If you’re trying to navigate the heavy crowd on South Mint Street a half-hour before the Panthers-Eagles game starts, follow the drunk girl in a Rob Gronkowski jersey who’s pulling a rolling cooler, because she knows how to run downhill.

4. I was trying to hotfoot it to the press box at the stadium in time for kickoff, and Governor Pat McCrory was walking ahead of me under the stands, flanked by two beefy plainclothes security guys. I was walking as fast as I could without running, and one of the bodyguards was clearly giving me some serious side-eye, because I was starting to catch up. My plan wasn’t to jump the governor or anything, but how was that guy to know? I wasn’t wearing a belt, so I fully expected to be thrown into a cinder block wall the second I reached down to hitch up my britches.
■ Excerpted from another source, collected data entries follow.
(* Let $\zeta_5$ be a primitive fifth root of unity. Then \begin{align*} \frac{(q^2;q^2)_\infty}{(q,\zeta_5q^2,\zeta_5^{-1}q^2;q^2)_\infty}&=\frac{(q^{25};q^{25})_\infty[q^{20};q^{50}]_\infty}{[q^{10};q^{25}]_\infty[q^{10};q^{50}]_\infty}+(\zeta_5+\zeta_5^4)q^5\frac{(q^{50};q^{50})_\infty}{(q^{25};q^{50})_\infty[q^{20};q^{50}]_\infty}+q\frac{(q^{25};q^{25})_\infty}{[q^5;q^{25}]_\infty}\\ &\quad+(\zeta_5+\zeta_5^4)q^2\frac{(q^{25};q^{25})_\infty}{[q^{10};q^{25}]_\infty}+(\zeta_5+\zeta_5^4)q^3\frac{(q^{25};q^{25})_\infty[q^{10};q^{50}]_\infty}{[q^5;q^{25}]_\infty[q^{20};q^{50}]_\infty}+q^3\frac{(q^{50};q^{50})_\infty}{(q^{25};q^{50})_\infty[q^{10};q^{50}]_\infty}. \end{align*}
   Context: Notation ($|q|<1$): $(z;q)_\infty=\prod_{j\ge0}(1-zq^j)$, $(z_1,\dots,z_k;q)_\infty=(z_1;q)_\infty\cdots(z_k;q)_\infty$, $[z;q]_\infty=(z;q)_\infty(q/z;q)_\infty$. *)

theory Defs
  imports "HOL-Analysis.Analysis"
begin

definition qpoch_inf :: "complex \<Rightarrow> complex \<Rightarrow> complex" where
  "qpoch_inf z q = (\<Prod>j. (1 - z * q ^ j))"

text \<open>Theta-type product [z;q]_\<infinity> = (z;q)_\<infinity> (q/z;q)_\<infinity>.\<close>
definition qtheta_inf :: "complex \<Rightarrow> complex \<Rightarrow> complex" where
  "qtheta_inf z q = qpoch_inf z q * qpoch_inf (q / z) q"

end

theory Submission
  imports Defs
begin

(*
  Write psi(q) = (q^2;q^2)_inf / (q;q^2)_inf.  The left-hand side is psi(q) times
  1 / ((zeta q^2;q^2)_inf (zeta^-1 q^2;q^2)_inf), and since the five products
  (zeta^i q^2;q^2)_inf multiply to (q^10;q^10)_inf, the second factor equals
  (zeta^2 q^2, zeta^3 q^2, q^2;q^2)_inf / (q^10;q^10)_inf.

  Both 2 psi(q) = [-q;q]_inf (q;q)_inf and (1 - zeta^2)(zeta^2 q^2, zeta^3 q^2, q^2;q^2)_inf
  = [zeta^2;q^2]_inf (q^2;q^2)_inf are Jacobi triple products, i.e. theta series
  sum_n q^(n(n-1)/2) x^n over all integers n.  Splitting n by its residue r in {-2,...,2}
  modulo 5 turns each residue class back into a triple product, with base q^25 resp. q^50.
  This gives 5-dissections of psi(q) (three terms) and of (zeta^2 q^2, zeta^3 q^2, q^2;q^2)_inf
  (two terms: the class r = -2 contributes [1;q^50]_inf = 0, and the remaining zeta-dependence
  collapses to zeta + zeta^4); multiplying them out gives the six terms.

  The triple product identity itself is obtained, following Cauchy, from the finite
  q-binomial theorem by letting the number of factors tend to infinity (Tannery's theorem).
*)

section \<open>q-Pochhammer symbols\<close>

definition qpoch :: "complex \<Rightarrow> complex \<Rightarrow> nat \<Rightarrow> complex" where
  "qpoch z q n = (\<Prod>j<n. 1 - z * q ^ j)"

lemma convergent_prod_one_minus_geometric:
  fixes z q :: "'a::{real_normed_field,banach}"
  assumes "norm q < 1"
  shows "convergent_prod (\<lambda>j. 1 - z * q ^ j)"
proof -
  have "summable (\<lambda>j. norm z * norm q ^ j)"
    using assms by (intro summable_mult summable_geometric) simp
  then have "summable (\<lambda>j. norm ((1 - z * q ^ j) - 1))"
    by (simp add: norm_mult norm_power)
  then show ?thesis
    by (intro abs_convergent_prod_imp_convergent_prod summable_imp_abs_convergent_prod)
qed

lemma qpoch_LIMSEQ:
  assumes "norm q < 1"
  shows "(\<lambda>n. qpoch z q n) \<longlonglongrightarrow> qpoch_inf z q"
proof -
  have "(\<lambda>n. \<Prod>j<Suc n. 1 - z * q ^ j) \<longlonglongrightarrow> qpoch_inf z q"
    using convergent_prod_LIMSEQ[OF convergent_prod_one_minus_geometric[OF assms]]
    by (simp add: qpoch_inf_def lessThan_Suc_atMost)
  then show ?thesis
    unfolding qpoch_def by (rule LIMSEQ_imp_Suc)
qed

lemma qpoch_inf_eqI:
  assumes "norm q < 1" and "(\<lambda>n. qpoch z q n) \<longlonglongrightarrow> L"
  shows "qpoch_inf z q = L"
  using LIMSEQ_unique[OF qpoch_LIMSEQ[OF assms(1)] assms(2)] .

lemma norm_power_less_one: "norm (q::'a::real_normed_div_algebra) < 1 \<Longrightarrow> 0 < k \<Longrightarrow> norm (q ^ k) < 1"
  by (simp add: norm_power power_less_one_iff)

lemma qpoch_inf_nonzero:
  assumes "norm q < 1" and "norm z < 1"
  shows "qpoch_inf z q \<noteq> 0"
  unfolding qpoch_inf_def
proof (rule prodinf_nonzero[OF convergent_prod_one_minus_geometric[OF assms(1)]])
  fix j
  have "norm (z * q ^ j) \<le> norm z"
    using assms by (simp add: norm_mult norm_power mult_left_le power_le_one)
  with assms(2) show "1 - z * q ^ j \<noteq> 0"
    by auto
qed

lemma qpoch_inf_shift:
  assumes "norm q < 1"
  shows "qpoch_inf z q = (1 - z) * qpoch_inf (z * q) q"
proof (rule qpoch_inf_eqI[OF assms])
  have "qpoch z q (Suc n) = (1 - z) * qpoch (z * q) q n" for n
    unfolding qpoch_def by (subst prod.lessThan_Suc_shift) (simp add: ac_simps)
  moreover have "(\<lambda>n. (1 - z) * qpoch (z * q) q n) \<longlonglongrightarrow> (1 - z) * qpoch_inf (z * q) q"
    by (intro tendsto_intros qpoch_LIMSEQ[OF assms])
  ultimately have "(\<lambda>n. qpoch z q (Suc n)) \<longlonglongrightarrow> (1 - z) * qpoch_inf (z * q) q"
    by simp
  then show "(\<lambda>n. qpoch z q n) \<longlonglongrightarrow> (1 - z) * qpoch_inf (z * q) q"
    by (rule LIMSEQ_imp_Suc)
qed

lemma qpoch_inf_one: "norm q < 1 \<Longrightarrow> qpoch_inf 1 q = 0"
  using qpoch_inf_shift[of q 1] by simp

lemma qpoch_inf_zero_base: "qpoch_inf z 0 = 1 - z"
  using qpoch_inf_shift[of 0 z] by (simp add: qpoch_inf_def)

lemma qpoch_inf_minus_mult:
  assumes "norm q < 1"
  shows "qpoch_inf (-a) q * qpoch_inf a q = qpoch_inf (a^2) (q^2)"
proof -
  have "qpoch (-a) q n * qpoch a q n = qpoch (a^2) (q^2) n" for n
    by (simp add: qpoch_def prod.distrib[symmetric] power2_eq_square power_mult_distrib
        algebra_simps flip: power_mult)
  moreover have "(\<lambda>n. qpoch (-a) q n * qpoch a q n) \<longlonglongrightarrow> qpoch_inf (-a) q * qpoch_inf a q"
    by (intro tendsto_intros qpoch_LIMSEQ[OF assms])
  ultimately show ?thesis
    by (intro qpoch_inf_eqI[symmetric] norm_power_less_one assms) auto
qed

lemma prod_lessThan_mult:
  fixes f :: "nat \<Rightarrow> 'a::comm_monoid_mult"
  shows "(\<Prod>j<n * k. f j) = (\<Prod>m<n. \<Prod>r<k. f (m * k + r))"
  unfolding prod.nat_group[of f k n, symmetric]
  by (simp add: prod.atLeastLessThan_shift_0[of _ "m * k" for m] atLeast0LessThan o_def)

lemma qpoch_inf_split:
  assumes "norm q < 1" and "0 < k"
  shows "qpoch_inf a q = (\<Prod>r<k. qpoch_inf (a * q^r) (q^k))"
proof -
  have "qpoch a q (n * k) = (\<Prod>r<k. qpoch (a * q^r) (q^k) n)" for n
  proof -
    have "qpoch a q (n * k) = (\<Prod>m<n. \<Prod>r<k. 1 - a * q ^ (m * k + r))"
      unfolding qpoch_def by (rule prod_lessThan_mult)
    also have "\<dots> = (\<Prod>r<k. qpoch (a * q^r) (q^k) n)"
      unfolding qpoch_def by (subst prod.swap) (simp add: power_add ac_simps flip: power_mult)
    finally show ?thesis .
  qed
  moreover have "(\<lambda>n. qpoch a q (n * k)) \<longlonglongrightarrow> qpoch_inf a q"
  proof -
    have "strict_mono (\<lambda>n. n * k)"
      using assms(2) by (intro strict_monoI) simp
    then show ?thesis
      using LIMSEQ_subseq_LIMSEQ[OF qpoch_LIMSEQ[OF assms(1)]] by (simp add: o_def)
  qed
  moreover have "(\<lambda>n. \<Prod>r<k. qpoch (a * q^r) (q^k) n) \<longlonglongrightarrow> (\<Prod>r<k. qpoch_inf (a * q^r) (q^k))"
    using assms by (intro tendsto_prod qpoch_LIMSEQ norm_power_less_one)
  ultimately show ?thesis
    using LIMSEQ_unique by simp
qed

lemma qpoch_inf_self_dissect5:
  assumes "norm a < 1" and "a \<noteq> 0"
  shows "qpoch_inf a a = qtheta_inf a (a^5) * qtheta_inf (a^2) (a^5) * qpoch_inf (a^5) (a^5)"
proof -
  have "a^5 / a = a^4" "a^5 / a^2 = a^3"
    using assms(2) by (simp_all add: divide_simps eval_nat_numeral)
  then show ?thesis
    using qpoch_inf_split[OF assms(1), of 5 a]
    by (simp add: qtheta_inf_def numeral_eq_Suc ac_simps)
qed

lemma cyclotomic5_sum:
  fixes \<zeta> :: "'a::idom"
  assumes "\<zeta>^5 = 1" and "\<zeta> \<noteq> 1"
  shows "1 + \<zeta> + \<zeta>^2 + \<zeta>^3 + \<zeta>^4 = 0"
proof -
  have "(\<zeta> - 1) * (1 + \<zeta> + \<zeta>^2 + \<zeta>^3 + \<zeta>^4) = \<zeta>^5 - 1"
    by (simp add: algebra_simps eval_nat_numeral)
  with assms show ?thesis
    by simp
qed

lemma qpoch_inf_fifth_roots:
  assumes "norm Q < 1" and "\<zeta>^5 = 1" and "\<zeta> \<noteq> 1"
  shows "(\<Prod>i<5. qpoch_inf (\<zeta>^i * a) Q) = qpoch_inf (a^5) (Q^5)"
proof (rule sym, rule qpoch_inf_eqI)
  have roots: "(\<Prod>i<5. 1 - \<zeta>^i * y) = 1 - y^5" for y
    using cyclotomic5_sum[OF assms(2,3)] assms(2)
    by (simp add: numeral_eq_Suc) algebra
  have "(\<Prod>i<5. qpoch (\<zeta>^i * a) Q n) = (\<Prod>j<n. \<Prod>i<5. 1 - \<zeta>^i * (a * Q^j))" for n
    unfolding qpoch_def by (subst prod.swap) (simp add: mult.assoc)
  also have "\<dots> n = qpoch (a^5) (Q^5) n" for n
    unfolding roots qpoch_def by (simp add: power_mult_distrib mult.commute flip: power_mult)
  finally have "qpoch (a^5) (Q^5) n = (\<Prod>i<5. qpoch (\<zeta>^i * a) Q n)" for n
    by simp
  moreover have "(\<lambda>n. \<Prod>i<5. qpoch (\<zeta>^i * a) Q n) \<longlonglongrightarrow> (\<Prod>i<5. qpoch_inf (\<zeta>^i * a) Q)"
    by (intro tendsto_prod qpoch_LIMSEQ assms)
  ultimately show "(\<lambda>n. qpoch (a^5) (Q^5) n) \<longlonglongrightarrow> (\<Prod>i<5. qpoch_inf (\<zeta>^i * a) Q)"
    by simp
qed (simp add: assms norm_power_less_one)

lemma qtheta_inf_one: "norm q < 1 \<Longrightarrow> qtheta_inf 1 q = 0"
  by (simp add: qtheta_inf_def qpoch_inf_one)

lemma qtheta_inf_nonzero:
  assumes "norm q < 1" "norm z < 1" "norm (q / z) < 1"
  shows "qtheta_inf z q \<noteq> 0"
  using assms by (simp add: qtheta_inf_def qpoch_inf_nonzero)

lemma qtheta_inf_reflect: "q \<noteq> 0 \<Longrightarrow> z \<noteq> 0 \<Longrightarrow> qtheta_inf (q / z) q = qtheta_inf z q"
  by (simp add: qtheta_inf_def)

lemma qtheta_inf_minus_mult:
  assumes "norm q < 1"
  shows "qtheta_inf (-a) q * qtheta_inf a q = qtheta_inf (a^2) (q^2)"
proof -
  have "qtheta_inf (-a) q * qtheta_inf a q
      = (qpoch_inf (-a) q * qpoch_inf a q) * (qpoch_inf (- (q / a)) q * qpoch_inf (q / a) q)"
    by (simp add: qtheta_inf_def ac_simps)
  then show ?thesis
    by (simp add: qpoch_inf_minus_mult[OF assms] qtheta_inf_def power_divide)
qed

lemma qtheta_inf_minus:
  assumes "norm q < 1" and "qtheta_inf a q \<noteq> 0"
  shows "qtheta_inf (-a) q = qtheta_inf (a^2) (q^2) / qtheta_inf a q"
  using qtheta_inf_minus_mult[OF assms(1), of a] assms(2) by (simp add: field_simps)

lemma ramanujan_psi_eq_qtheta:
  assumes "norm q < 1" and "q \<noteq> 0"
  shows "2 * (qpoch_inf (q^2) (q^2) / qpoch_inf q (q^2)) = qtheta_inf (-q) q * qpoch_inf q q"
proof -
  have q2: "norm (q^2) < 1"
    using assms by (simp add: norm_power_less_one)
  have "qpoch_inf (-1) q = 2 * qpoch_inf (-q) q"
    using qpoch_inf_shift[OF assms(1), of "-1"] by simp
  then have theta: "qtheta_inf (-q) q = 2 * qpoch_inf (-q) q ^ 2"
    using assms(2) by (simp add: qtheta_inf_def power2_eq_square)
  have euler: "qpoch_inf (-q) q * qpoch_inf q q = qpoch_inf (q^2) (q^2)"
    using qpoch_inf_minus_mult[OF assms(1)] .
  have split: "qpoch_inf q q = qpoch_inf q (q^2) * qpoch_inf (q^2) (q^2)"
    using qpoch_inf_split[OF assms(1), of 2 q] by (simp add: numeral_2_eq_2)
  have "qpoch_inf (q^2) (q^2) \<noteq> 0"
    using q2 by (intro qpoch_inf_nonzero)
  with euler split have "qpoch_inf (-q) q * qpoch_inf q (q^2) = 1"
    by (metis mult.assoc mult.left_commute mult_cancel_right2)
  then have "qpoch_inf (-q) q = 1 / qpoch_inf q (q^2)"
    by (metis nonzero_eq_divide_eq mult_zero_right zero_neq_one)
  moreover have "qtheta_inf (-q) q * qpoch_inf q q = 2 * qpoch_inf (q^2) (q^2) * qpoch_inf (-q) q"
    using theta euler by (simp add: power2_eq_square ac_simps)
  ultimately show ?thesis
    by simp
qed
I finally caught up with Governor McCrory at an an elevator, and we started talking about television and the Panthers and whatnot. I’ll say this: If you’re going to meet Pat McCrory, this is exactly the situation you want to meet him in, because he was as loosey-goosey as I’ve seen him. It’s obvious why: He’s back in Charlotte, and he’s not here on business. He’ll talk to everyone who so much as glances at him. He’ll start at least one sentence with “Back when I was mayor here…” He isn’t spitting out opinions on policy, or bristling at a question. He was wearing a really busy button down shirt. He chatted up an old lady and the elevator attendant. He was Mayor Pat again, which was the Pat that everybody in Charlotte thought they were going to get when he became governor, before he inevitably had to turn into a Republican politician with talking points (“stepping on toes!”) and, you know, actual stands on things. This man could have been mayor for life. He could have been Charlotte’s Richard Daley, but, of course, going on to bigger roles requires that you change your game. You don’t use your high school playbook when start playing college ball, and so Mayor Pat had to become Governor Pat, and that leaves anyone who’s followed his career trying to figure out which one of those characters is actually closest to Real Pat. I’d guess Mayor Pat is, but I don’t know him well enough to actually know. We talked for a few more moments before we both got off the elevator, and he walked off to a suite and I hoofed it over to the press box, and I felt his bodyguard’s eyes staring daggers into my back as I pulled up my pants.

The implication was clear: Only an uncouth neanderthal lets old coffee mix with new coffee.

5. I was having coffee at the Gallery Restaurant with “Smoky” Bissell, who is one of those guys who created what we think of as modern Charlotte. He, along with Johnny Harris, carved Ballantyne out of what had been a heavily-wooded hunting preserve just a little more than 20 years ago. Bissell was warm and incredibly insightful. But when the waitress came back to top off our mugs, Bissell poured the little bit of cooled coffee he had left into a separate glass, and only then would waitress would fill it up. The implication was clear: Only an uncouth neanderthal lets old coffee mix with new coffee. Bissell is obviously a man who has an eye for quality, which you can see if you go, I don’t know, anywhere in Ballantyne. There are paintings lining the walls of the hotel, and they serve foie gras at the restaurant, and the golf course is perfectly manicured, and so it makes all the sense in the world that the developer responsible for this would not want anything outdated in his presence. The coffee thing? That is a baller move. I’m going to start doing that. It’s my first step toward becoming a CEO. Or, again, a CEO’s secretary.